:: WORK INSTRUCTION ::
Find every line in the records below that holds the word "itself", and copy each one.

:: RECORDS FOR THE EXERCISE ::
(* Let $\mathcal{C}$ be a strongly connected category with all small products and let $\mathcal{D}$ be an essentially small category. Then any functor $\mathcal{C}\to\mathcal{D}$ is isomorphic to a constant functor.
   Context: A category is strongly connected if for any two objects $c,c'$ the hom-set $\mathcal{C}(c,c')$ is non-empty. A category is essentially small if it is equivalent to a small category. *)

theory Defs
  imports Main
begin

text \<open>Categories given by explicit object/arrow carriers. Comp C g f is g after f.\<close>

record ('o,'a) category =
  Obj  :: "'o set"
  Arr  :: "'a set"
  Dom  :: "'a \<Rightarrow> 'o"
  Cod  :: "'a \<Rightarrow> 'o"
  Id   :: "'o \<Rightarrow> 'a"
  Comp :: "'a \<Rightarrow> 'a \<Rightarrow> 'a"

definition hom :: "('o,'a) category \<Rightarrow> 'o \<Rightarrow> 'o \<Rightarrow> 'a set" where
  "hom C x y = {f \<in> Arr C. Dom C f = x \<and> Cod C f = y}"

definition is_category :: "('o,'a) category \<Rightarrow> bool" where
  "is_category C \<longleftrightarrow>
     (\<forall>f\<in>Arr C. Dom C f \<in> Obj C \<and> Cod C f \<in> Obj C) \<and>
     (\<forall>x\<in>Obj C. Id C x \<in> hom C x x) \<and>
     (\<forall>x y z f g. f \<in> hom C x y \<longrightarrow> g \<in> hom C y z \<longrightarrow> Comp C g f \<in> hom C x z) \<and>
     (\<forall>x y f. f \<in> hom C x y \<longrightarrow> Comp C (Id C y) f = f \<and> Comp C f (Id C x) = f) \<and>
     (\<forall>w x y z f g h. f \<in> hom C w x \<longrightarrow> g \<in> hom C x y \<longrightarrow> h \<in> hom C y z \<longrightarrow>
         Comp C h (Comp C g f) = Comp C (Comp C h g) f)"

definition is_functor ::
  "('o,'a) category \<Rightarrow> ('p,'b) category \<Rightarrow> ('o \<Rightarrow> 'p) \<Rightarrow> ('a \<Rightarrow> 'b) \<Rightarrow> bool" where
  "is_functor C D Fo Fa \<longleftrightarrow>
     (\<forall>x\<in>Obj C. Fo x \<in> Obj D) \<and>
     (\<forall>x y f. f \<in> hom C x y \<longrightarrow> Fa f \<in> hom D (Fo x) (Fo y)) \<and>
     (\<forall>x\<in>Obj C. Fa (Id C x) = Id D (Fo x)) \<and>
     (\<forall>x y z f g. f \<in> hom C x y \<longrightarrow> g \<in> hom C y z \<longrightarrow> Fa (Comp C g f) = Comp D (Fa g) (Fa f))"

definition is_iso :: "('o,'a) category \<Rightarrow> 'a \<Rightarrow> bool" where
  "is_iso C f \<longleftrightarrow> f \<in> Arr C \<and>
     (\<exists>g \<in> hom C (Cod C f) (Dom C f). Comp C g f = Id C (Dom C f) \<and> Comp C f g = Id C (Cod C f))"

definition nat_iso ::
  "('o,'a) category \<Rightarrow> ('p,'b) category \<Rightarrow> ('o \<Rightarrow> 'p) \<Rightarrow> ('a \<Rightarrow> 'b)
     \<Rightarrow> ('o \<Rightarrow> 'p) \<Rightarrow> ('a \<Rightarrow> 'b) \<Rightarrow> ('o \<Rightarrow> 'b) \<Rightarrow> bool" where
  "nat_iso C D Fo Fa Go Ga \<eta> \<longleftrightarrow>
     (\<forall>c\<in>Obj C. \<eta> c \<in> hom D (Fo c) (Go c) \<and> is_iso D (\<eta> c)) \<and>
     (\<forall>f\<in>Arr C. Comp D (Ga f) (\<eta> (Dom C f)) = Comp D (\<eta> (Cod C f)) (Fa f))"

definition equivalent_categories :: "('o,'a) category \<Rightarrow> ('p,'b) category \<Rightarrow> bool" where
  "equivalent_categories C D \<longleftrightarrow>
     (\<exists>Fo Fa Go Ga \<eta> \<epsilon>. is_functor C D Fo Fa \<and> is_functor D C Go Ga \<and>
        nat_iso C C id id (Go \<circ> Fo) (Ga \<circ> Fa) \<eta> \<and>
        nat_iso D D (Fo \<circ> Go) (Fa \<circ> Ga) id id \<epsilon>)"

definition strongly_connected :: "('o,'a) category \<Rightarrow> bool" where
  "strongly_connected C \<longleftrightarrow> (\<forall>c\<in>Obj C. \<forall>c'\<in>Obj C. hom C c c' \<noteq> {})"

definition is_product ::
  "('o,'a) category \<Rightarrow> 'i set \<Rightarrow> ('i \<Rightarrow> 'o) \<Rightarrow> 'o \<Rightarrow> ('i \<Rightarrow> 'a) \<Rightarrow> bool" where
  "is_product C I X P p \<longleftrightarrow> P \<in> Obj C \<and> (\<forall>i\<in>I. p i \<in> hom C P (X i)) \<and>
     (\<forall>Q f. Q \<in> Obj C \<longrightarrow> (\<forall>i\<in>I. f i \<in> hom C Q (X i)) \<longrightarrow>
        (\<exists>!u. u \<in> hom C Q P \<and> (\<forall>i\<in>I. Comp C (p i) u = f i)))"

text \<open>Size conventions: the universe of small sets is modelled by a type 'u;
  a set is small iff it is (indexed by) a subset of 'u.\<close>

definition has_small_products :: "'u itself \<Rightarrow> ('o,'a) category \<Rightarrow> bool" where
  "has_small_products (U :: 'u itself) C \<longleftrightarrow>
     (\<forall>(I :: 'u set) X. (\<forall>i\<in>I. X i \<in> Obj C) \<longrightarrow> (\<exists>P p. is_product C I X P p))"

definition essentially_small :: "'u itself \<Rightarrow> ('o,'a) category \<Rightarrow> bool" where
  "essentially_small (U :: 'u itself) C \<longleftrightarrow>
     (\<exists>E :: ('u,'u) category. is_category E \<and> equivalent_categories C E)"

end

theory Submission
  imports Defs
begin

text \<open>Suppose a functor \<open>F\<close> into an essentially small category distinguished two parallel
  arrows \<open>f, g : a \<rightarrow> b\<close>. In the power \<open>b\<^sup>U\<close> over the universe \<open>U\<close> of small sets, every
  \<open>S \<subseteq> U\<close> yields the arrow \<open>a \<rightarrow> b\<^sup>U\<close> whose \<open>i\<close>-th component is \<open>f\<close> for \<open>i \<in> S\<close> and \<open>g\<close>
  otherwise, and \<open>F\<close> maps these to pairwise distinct arrows. A faithful functor into a small
  category then injects the power set of \<open>U\<close> into \<open>U\<close>, contradicting Cantor. So \<open>F\<close>
  identifies parallel arrows; in a strongly connected category there are arrows both ways
  between any two objects, hence \<open>F\<close> sends every arrow to an isomorphism and is naturally
  isomorphic to the constant functor at \<open>F c\<^sub>0\<close> for any object \<open>c\<^sub>0\<close>, e.g. the empty product.\<close>

lemma hom_Obj: "is_category C \<Longrightarrow> f \<in> hom C x y \<Longrightarrow> x \<in> Obj C \<and> y \<in> Obj C"
  unfolding is_category_def hom_def by blast

lemma Id_hom: "is_category C \<Longrightarrow> x \<in> Obj C \<Longrightarrow> Id C x \<in> hom C x x"
  unfolding is_category_def by blast

lemma Comp_hom:
  "is_category C \<Longrightarrow> f \<in> hom C x y \<Longrightarrow> g \<in> hom C y z \<Longrightarrow> Comp C g f \<in> hom C x z"
  unfolding is_category_def by blast

lemma Comp_Id_left: "is_category C \<Longrightarrow> f \<in> hom C x y \<Longrightarrow> Comp C (Id C y) f = f"
  unfolding is_category_def by blast

lemma Comp_assoc:
  "is_category C \<Longrightarrow> f \<in> hom C w x \<Longrightarrow> g \<in> hom C x y \<Longrightarrow> h \<in> hom C y z \<Longrightarrow>
    Comp C h (Comp C g f) = Comp C (Comp C h g) f"
  unfolding is_category_def by blast

lemma functor_Obj: "is_functor C D Fo Fa \<Longrightarrow> x \<in> Obj C \<Longrightarrow> Fo x \<in> Obj D"
  unfolding is_functor_def by blast

lemma functor_hom: "is_functor C D Fo Fa \<Longrightarrow> f \<in> hom C x y \<Longrightarrow> Fa f \<in> hom D (Fo x) (Fo y)"
  unfolding is_functor_def by blast

lemma functor_Id: "is_functor C D Fo Fa \<Longrightarrow> x \<in> Obj C \<Longrightarrow> Fa (Id C x) = Id D (Fo x)"
  unfolding is_functor_def by blast

lemma functor_Comp:
  "is_functor C D Fo Fa \<Longrightarrow> f \<in> hom C x y \<Longrightarrow> g \<in> hom C y z \<Longrightarrow>
    Fa (Comp C g f) = Comp D (Fa g) (Fa f)"
  unfolding is_functor_def by blast

lemma is_isoI:
  assumes "f \<in> hom C x y" and "g \<in> hom C y x"
    and "Comp C g f = Id C x" and "Comp C f g = Id C y"
  shows "is_iso C f"
  using assms unfolding is_iso_def hom_def by auto

lemma iso_cancel_left:
  assumes C: "is_category C" and "is_iso C h" and h: "h \<in> hom C y z"
    and f: "f \<in> hom C x y" and g: "g \<in> hom C x y"
    and eq: "Comp C h f = Comp C h g"
  shows "f = g"
proof -
  obtain h' where h': "h' \<in> hom C z y" "Comp C h' h = Id C y"
    using \<open>is_iso C h\<close> h unfolding is_iso_def hom_def by auto
  have "f = Comp C (Comp C h' h) f" using h'(2) Comp_Id_left[OF C f] by simp
  also have "\<dots> = Comp C h' (Comp C h f)" using Comp_assoc[OF C f h h'(1)] by simp
  also have "\<dots> = Comp C h' (Comp C h g)" using eq by simp
  also have "\<dots> = Comp C (Comp C h' h) g" using Comp_assoc[OF C g h h'(1)] by simp
  also have "\<dots> = g" using h'(2) Comp_Id_left[OF C g] by simp
  finally show "f = g" .
qed

lemma nat_iso_from_id_faithful:
  assumes C: "is_category C" and \<eta>: "nat_iso C C id id Go Ga \<eta>"
    and f: "f \<in> hom C x y" and g: "g \<in> hom C x y" and eq: "Ga f = Ga g"
  shows "f = g"
proof -
  have y: "y \<in> Obj C" using hom_Obj[OF C f] by blast
  have \<eta>y: "\<eta> y \<in> hom C y (Go y)" "is_iso C (\<eta> y)"
    using \<eta> y unfolding nat_iso_def by auto
  have "Comp C (\<eta> y) f = Comp C (Ga f) (\<eta> x)" "Comp C (\<eta> y) g = Comp C (Ga g) (\<eta> x)"
    using \<eta> f g unfolding nat_iso_def hom_def by auto
  then have "Comp C (\<eta> y) f = Comp C (\<eta> y) g" using eq by simp
  then show "f = g" using iso_cancel_left[OF C \<eta>y(2,1) f g] by blast
qed

lemma essentially_small_hom_inj:
  fixes D :: "('p,'b) category"
  assumes "is_category D" and "essentially_small TYPE('u) D"
  obtains H :: "'b \<Rightarrow> 'u" where "\<And>x y. inj_on H (hom D x y)"
proof -
  obtain Fo :: "'p \<Rightarrow> 'u" and Fa :: "'b \<Rightarrow> 'u" and Go Ga \<eta>
    where "nat_iso D D id id (Go \<circ> Fo) (Ga \<circ> Fa) \<eta>"
    using assms(2) unfolding essentially_small_def equivalent_categories_def by blast
  then have "inj_on Fa (hom D x y)" for x y
    using nat_iso_from_id_faithful[OF assms(1)] by (fastforce intro: inj_onI)
  then show thesis by (rule that)
qed

lemma no_inj_Pow: "\<not> inj (G :: 'u set \<Rightarrow> 'u)"
proof
  assume "inj G"
  then have "range (inv G) = Pow UNIV" using inj_imp_surj_inv by simp
  then show False using Cantors_theorem by blast
qed

lemma product_tuple:
  assumes "is_product C I X P p" and "Q \<in> Obj C" and "\<forall>i\<in>I. f i \<in> hom C Q (X i)"
  obtains u where "u \<in> hom C Q P" and "\<forall>i\<in>I. Comp C (p i) u = f i"
  using assms unfolding is_product_def by blast

lemma power_tuples_inj:
  assumes "is_category C" and "is_functor C D Fo Fa"
    and "is_product C (UNIV :: 'u set) (\<lambda>_. b) P p"
    and f: "f \<in> hom C a b" and g: "g \<in> hom C a b" and "Fa f \<noteq> Fa g"
  obtains h :: "'u set \<Rightarrow> _"
  where "\<And>S. Fa (h S) \<in> hom D (Fo a) (Fo P)" and "inj (\<lambda>S. Fa (h S))"
proof -
  have "\<exists>u. u \<in> hom C a P \<and> (\<forall>i. Comp C (p i) u = (if i \<in> S then f else g))" for S
  proof -
    have "a \<in> Obj C" using hom_Obj[OF assms(1) f] by blast
    moreover have "\<forall>i\<in>UNIV. (if i \<in> S then f else g) \<in> hom C a b" using f g by simp
    ultimately obtain u where "u \<in> hom C a P"
      and "\<forall>i\<in>UNIV. Comp C (p i) u = (if i \<in> S then f else g)"
      by (rule product_tuple[OF assms(3)])
    then show ?thesis by blast
  qed
  then obtain h where h: "\<And>S. h S \<in> hom C a P"
    and h_comp: "\<And>S i. Comp C (p i) (h S) = (if i \<in> S then f else g)"
    by metis
  have p: "p i \<in> hom C P b" for i
    using assms(3) unfolding is_product_def by simp
  have Fh_comp: "Comp D (Fa (p i)) (Fa (h S)) = (if i \<in> S then Fa f else Fa g)" for S i
    by (simp add: functor_Comp[OF assms(2) h p, symmetric] h_comp)
  have "inj (\<lambda>S. Fa (h S))"
  proof (rule injI)
    fix S T assume "Fa (h S) = Fa (h T)"
    then have eq: "(if i \<in> S then Fa f else Fa g) = (if i \<in> T then Fa f else Fa g)" for i
      using Fh_comp by metis
    have "i \<in> S \<longleftrightarrow> i \<in> T" for i
      using eq[of i] \<open>Fa f \<noteq> Fa g\<close> by (cases "i \<in> S"; cases "i \<in> T") simp_all
    then show "S = T" by blast
  qed
  then show thesis using that functor_hom[OF assms(2) h] by blast
qed

lemma small_products_functor_identifies_parallel:
  fixes C :: "('o,'a) category" and D :: "('p,'b) category"
  assumes "is_category C" and "has_small_products TYPE('u) C"
    and "is_category D" and "essentially_small TYPE('u) D"
    and "is_functor C D Fo Fa"
    and f: "f \<in> hom C a b" and g: "g \<in> hom C a b"
  shows "Fa f = Fa g"
proof (rule ccontr)
  assume "Fa f \<noteq> Fa g"
  obtain H :: "'b \<Rightarrow> 'u" where H: "\<And>x y. inj_on H (hom D x y)"
    using essentially_small_hom_inj[OF assms(3,4)] by blast
  have "b \<in> Obj C" using hom_Obj[OF assms(1) f] by blast
  then have "\<exists>P p. is_product C (UNIV :: 'u set) (\<lambda>_. b) P p"
    using assms(2) unfolding has_small_products_def by simp
  then obtain P p where power: "is_product C (UNIV :: 'u set) (\<lambda>_. b) P p"
    by blast
  obtain h :: "'u set \<Rightarrow> 'a"
    where Fh: "\<And>S. Fa (h S) \<in> hom D (Fo a) (Fo P)" and Fh_inj: "inj (\<lambda>S. Fa (h S))"
    using power_tuples_inj[OF assms(1,5) power f g \<open>Fa f \<noteq> Fa g\<close>] by blast
  have "inj (\<lambda>S. H (Fa (h S)))"
  proof (rule injI)
    fix S T assume "H (Fa (h S)) = H (Fa (h T))"
    then have "Fa (h S) = Fa (h T)" using inj_onD[OF H _ Fh Fh] by blast
    then show "S = T" by (rule injD[OF Fh_inj])
  qed
  then show False using no_inj_Pow by blast
qed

:: OUTPUT BELOW ::
definition has_small_products :: "'u itself \<Rightarrow> ('o,'a) category \<Rightarrow> bool" where
  "has_small_products (U :: 'u itself) C \<longleftrightarrow>
definition essentially_small :: "'u itself \<Rightarrow> ('o,'a) category \<Rightarrow> bool" where
  "essentially_small (U :: 'u itself) C \<longleftrightarrow>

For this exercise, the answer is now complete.